06 | 09 | 2024

È tardi ma non è troppo tardi

Telmo Pievani intervista David Quammen su sul nuovo libro Il cuore selvaggio della natura

La natura selvaggia ha un cuore che batte ancora ma, affinché continui a farlo in un futuro anche prossimo, dobbiamo garantirgli spazio, dinamicità e la possibilità di preservare la biodiversità. A proporre soluzioni e a raccontare esperimenti in corso, il saggista e divulgatore scientifico David Quammen in dialogo con il filosofo Telmo Pievani. «Siamo ormai conosciuti come il David and Telmo Show», ironizza Pievani, prima di avventurarsi in una lunga chiacchierata con lo scrittore di Spillover (Adelphi, 2014).

David Quammen, avventuriero audace e scanzonato, arriva a Festivaletteratura per presentare Il cuore selvaggio della natura (Adelphi, 2024), una raccolta dei più memorabili reportage scritti e pubblicati durante la collaborazione ventennale con il mensile National Geographic che spaziano dal Sud America all’Artico, dalla Kamčatka al Congo. Alcune regioni di questa esplorazione sono già note ai lettori abituali di Quammen, mentre altri sono del tutto nuovi. Attraversando fiumi, sentieri e fitte foreste, l’autore incontra nuovi ed entusiasmanti tentativi di coesistenza fra comunità locali e natura. Ci sono voluti decenni affinché l'opinione pubblica maturasse una certa consapevolezza circa l’importanza di queste forme di coabitazione.

«Quando Yellowstone fu dichiarato Parco Nazionale, per anni fu comunque permesso ai Ranger di praticare la caccia di animali predatori, come puma o uccelli rapaci, con la giustificazione che fosse necessario regolare il numero di questi esemplari al fine di preservare un certo equilibrio generale e, al tempo stesso, proteggere le specie considerate deboli.

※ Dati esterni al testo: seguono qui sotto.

definition centered_diag :: "nat \<Rightarrow> nat \<Rightarrow> 'a::field_char_0" where
  "centered_diag n i = of_nat (n * i) - of_nat (\<Sum>k\<in>{1..n}. k)"

lemma centered_diag_inj:
  assumes "i \<in> {1..n}" "j \<in> {1..n}" "i \<noteq> j"
  shows "centered_diag n i \<noteq> centered_diag n j"
proof
  assume "centered_diag n i = centered_diag n j"
  then have "(of_nat (n * i) :: 'a) = of_nat (n * j)" by (simp add: centered_diag_def)
  then have "n * i = n * j" by (simp only: of_nat_eq_iff)
  with assms show False by auto
qed

lemma sum_centered_diag: "(\<Sum>i\<in>{1..n}. centered_diag n i :: 'a::field_char_0) = 0"
proof -
  have "(\<Sum>i\<in>{1..n}. centered_diag n i :: 'a)
      = of_nat n * (\<Sum>i\<in>{1..n}. of_nat i) - of_nat n * of_nat (\<Sum>k\<in>{1..n}. k)"
    by (simp add: centered_diag_def sum_subtractf sum_distrib_left)
  then show ?thesis by simp
qed

lemma diag_in_lie_poset_alg_A:
  assumes "is_labeled_poset n le" and "(\<Sum>i\<in>{1..n}. d i) = 0"
  shows "diag n d \<in> lie_poset_alg_A n le"
  using assms labeled_poset_refl[OF assms(1)]
  by (auto simp: lie_poset_alg_A_def lie_poset_alg_def diag_def)

lemma matrix_unit_Rel_in_lie_poset_alg_A:
  assumes "p \<in> Rel le"
  shows "(matrix_unit p :: nat \<Rightarrow> nat \<Rightarrow> 'a::field) \<in> lie_poset_alg_A n le"
proof -
  have "(\<Sum>k\<in>{1..n}. (matrix_unit p :: nat \<Rightarrow> nat \<Rightarrow> 'a) k k) = 0"
    using assms by (intro sum.neutral) (auto simp: matrix_unit_def Rel_def)
  then show ?thesis
    using assms by (auto simp: lie_poset_alg_A_def lie_poset_alg_def matrix_unit_def Rel_def)
qed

Nel frattempo, le comunità native che avevano sempre abitato il territorio venivano allontanate. C’è voluto del tempo prima che la comunità internazionale comprendesse l’importanza di far coesistere comunità locali e natura». dichiara Quammen.

La conoscenza delle peculiarità di ciascuna area sono la ragione principale per cui i popoli nativi dovrebbero essere coinvolti e messi alla guida di questi progetti, volti a favorire la convivenza e il benessere di tutte le popolazioni, sia essa quella umana o animale. Un esempio virtuoso riportato da Quammen è quello del Gorongosa National Park in Mozambico.

«Dopo che il paese ha raggiunto l’indipendenza dal Portogallo, è esplosa una violentissima guerra civile durata 17 lunghi anni che ha devastato il territorio e la popolazione civile. Le scelte del Presidente mozambicano Chissano alla fine del conflitto e l’intervento di un’importante fondazione americana, la Gregory Carr Foundation, ha permesso di ripristinare lo stato dei luoghi e trasformare l’area di Gorongosa in un perfetto esempio di ciò che è possibile fare per far convivere uomo e natura. Le stesse persone che un tempo sfruttavano il parco oggi lo difendono».

Esistono ancora, però, realtà drammatiche, laddove il turismo di massa o lo sfruttamento indiscriminato dell’ambiente portano la natura a ribellarsi all’uomo anche nei modi più disperati e drammatici. Un esempio può essere l’Uganda che in alcune aree ha visto diminuire drasticamente lo spazio destinato agli scimpanzé che, privati di cibo sufficiente, escono dalle verdi vallate e raggiungono i campi coltivati, arrivando a rapire e uccidere bambini per cibarsene.

«Ci sono poi anche posti che dovremmo proprio lasciare in pace», dichiara Quammen in conclusione, seguito da un lungo e fragoroso applauso. Luoghi troppo delicati per resistere anche ad un minimo passaggio dell’uomo. Il bilancio del divulgatore nel complesso è più positivo che negativo: «siamo ancora in tempo per salvare il cuore selvaggio della natura. Possiamo evitare il peggio ma dobbiamo essere in grado di controllare i consumi sfrenati, tra deforestazione e overtourism, totalmente incompatibili con la vita animale. Possiamo farcela, ma dobbiamo metterci al lavoro subito.